Stored data:
_ _ _ _ _ _ _
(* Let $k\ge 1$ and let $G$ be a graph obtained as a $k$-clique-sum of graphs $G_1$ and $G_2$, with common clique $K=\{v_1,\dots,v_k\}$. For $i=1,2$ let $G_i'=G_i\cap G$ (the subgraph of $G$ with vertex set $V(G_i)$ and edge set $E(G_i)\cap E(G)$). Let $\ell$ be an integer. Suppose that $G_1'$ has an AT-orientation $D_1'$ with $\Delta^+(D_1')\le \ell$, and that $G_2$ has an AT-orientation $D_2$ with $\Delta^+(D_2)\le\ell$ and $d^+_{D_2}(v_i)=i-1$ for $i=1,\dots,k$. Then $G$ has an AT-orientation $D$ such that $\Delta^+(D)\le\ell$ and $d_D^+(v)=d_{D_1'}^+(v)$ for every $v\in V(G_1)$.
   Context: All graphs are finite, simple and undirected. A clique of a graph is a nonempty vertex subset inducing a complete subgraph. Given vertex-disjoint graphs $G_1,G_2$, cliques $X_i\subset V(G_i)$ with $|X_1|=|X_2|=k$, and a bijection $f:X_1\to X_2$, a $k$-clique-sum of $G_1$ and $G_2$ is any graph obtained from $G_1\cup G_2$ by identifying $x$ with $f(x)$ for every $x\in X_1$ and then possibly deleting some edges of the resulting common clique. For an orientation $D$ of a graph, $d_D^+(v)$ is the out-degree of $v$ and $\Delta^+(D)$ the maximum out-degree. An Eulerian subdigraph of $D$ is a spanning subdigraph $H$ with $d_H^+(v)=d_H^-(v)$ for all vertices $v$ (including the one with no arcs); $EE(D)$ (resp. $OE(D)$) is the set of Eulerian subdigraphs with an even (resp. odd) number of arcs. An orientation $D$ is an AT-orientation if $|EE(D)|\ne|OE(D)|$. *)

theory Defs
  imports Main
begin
_ _ _ _ _ _ _
__HOW TO COMPLETE THIS TASK__: Please type the entries above out again exactly.

__REPLY__:
(* Let $k\ge 1$ and let $G$ be a graph obtained as a $k$-clique-sum of graphs $G_1$ and $G_2$, with common clique $K=\{v_1,\dots,v_k\}$. For $i=1,2$ let $G_i'=G_i\cap G$ (the subgraph of $G$ with vertex set $V(G_i)$ and edge set $E(G_i)\cap E(G)$). Let $\ell$ be an integer. Suppose that $G_1'$ has an AT-orientation $D_1'$ with $\Delta^+(D_1')\le \ell$, and that $G_2$ has an AT-orientation $D_2$ with $\Delta^+(D_2)\le\ell$ and $d^+_{D_2}(v_i)=i-1$ for $i=1,\dots,k$. Then $G$ has an AT-orientation $D$ such that $\Delta^+(D)\le\ell$ and $d_D^+(v)=d_{D_1'}^+(v)$ for every $v\in V(G_1)$.
   Context: All graphs are finite, simple and undirected. A clique of a graph is a nonempty vertex subset inducing a complete subgraph. Given vertex-disjoint graphs $G_1,G_2$, cliques $X_i\subset V(G_i)$ with $|X_1|=|X_2|=k$, and a bijection $f:X_1\to X_2$, a $k$-clique-sum of $G_1$ and $G_2$ is any graph obtained from $G_1\cup G_2$ by identifying $x$ with $f(x)$ for every $x\in X_1$ and then possibly deleting some edges of the resulting common clique. For an orientation $D$ of a graph, $d_D^+(v)$ is the out-degree of $v$ and $\Delta^+(D)$ the maximum out-degree. An Eulerian subdigraph of $D$ is a spanning subdigraph $H$ with $d_H^+(v)=d_H^-(v)$ for all vertices $v$ (including the one with no arcs); $EE(D)$ (resp. $OE(D)$) is the set of Eulerian subdigraphs with an even (resp. odd) number of arcs. An orientation $D$ is an AT-orientation if $|EE(D)|\ne|OE(D)|$. *)

theory Defs
  imports Main
begin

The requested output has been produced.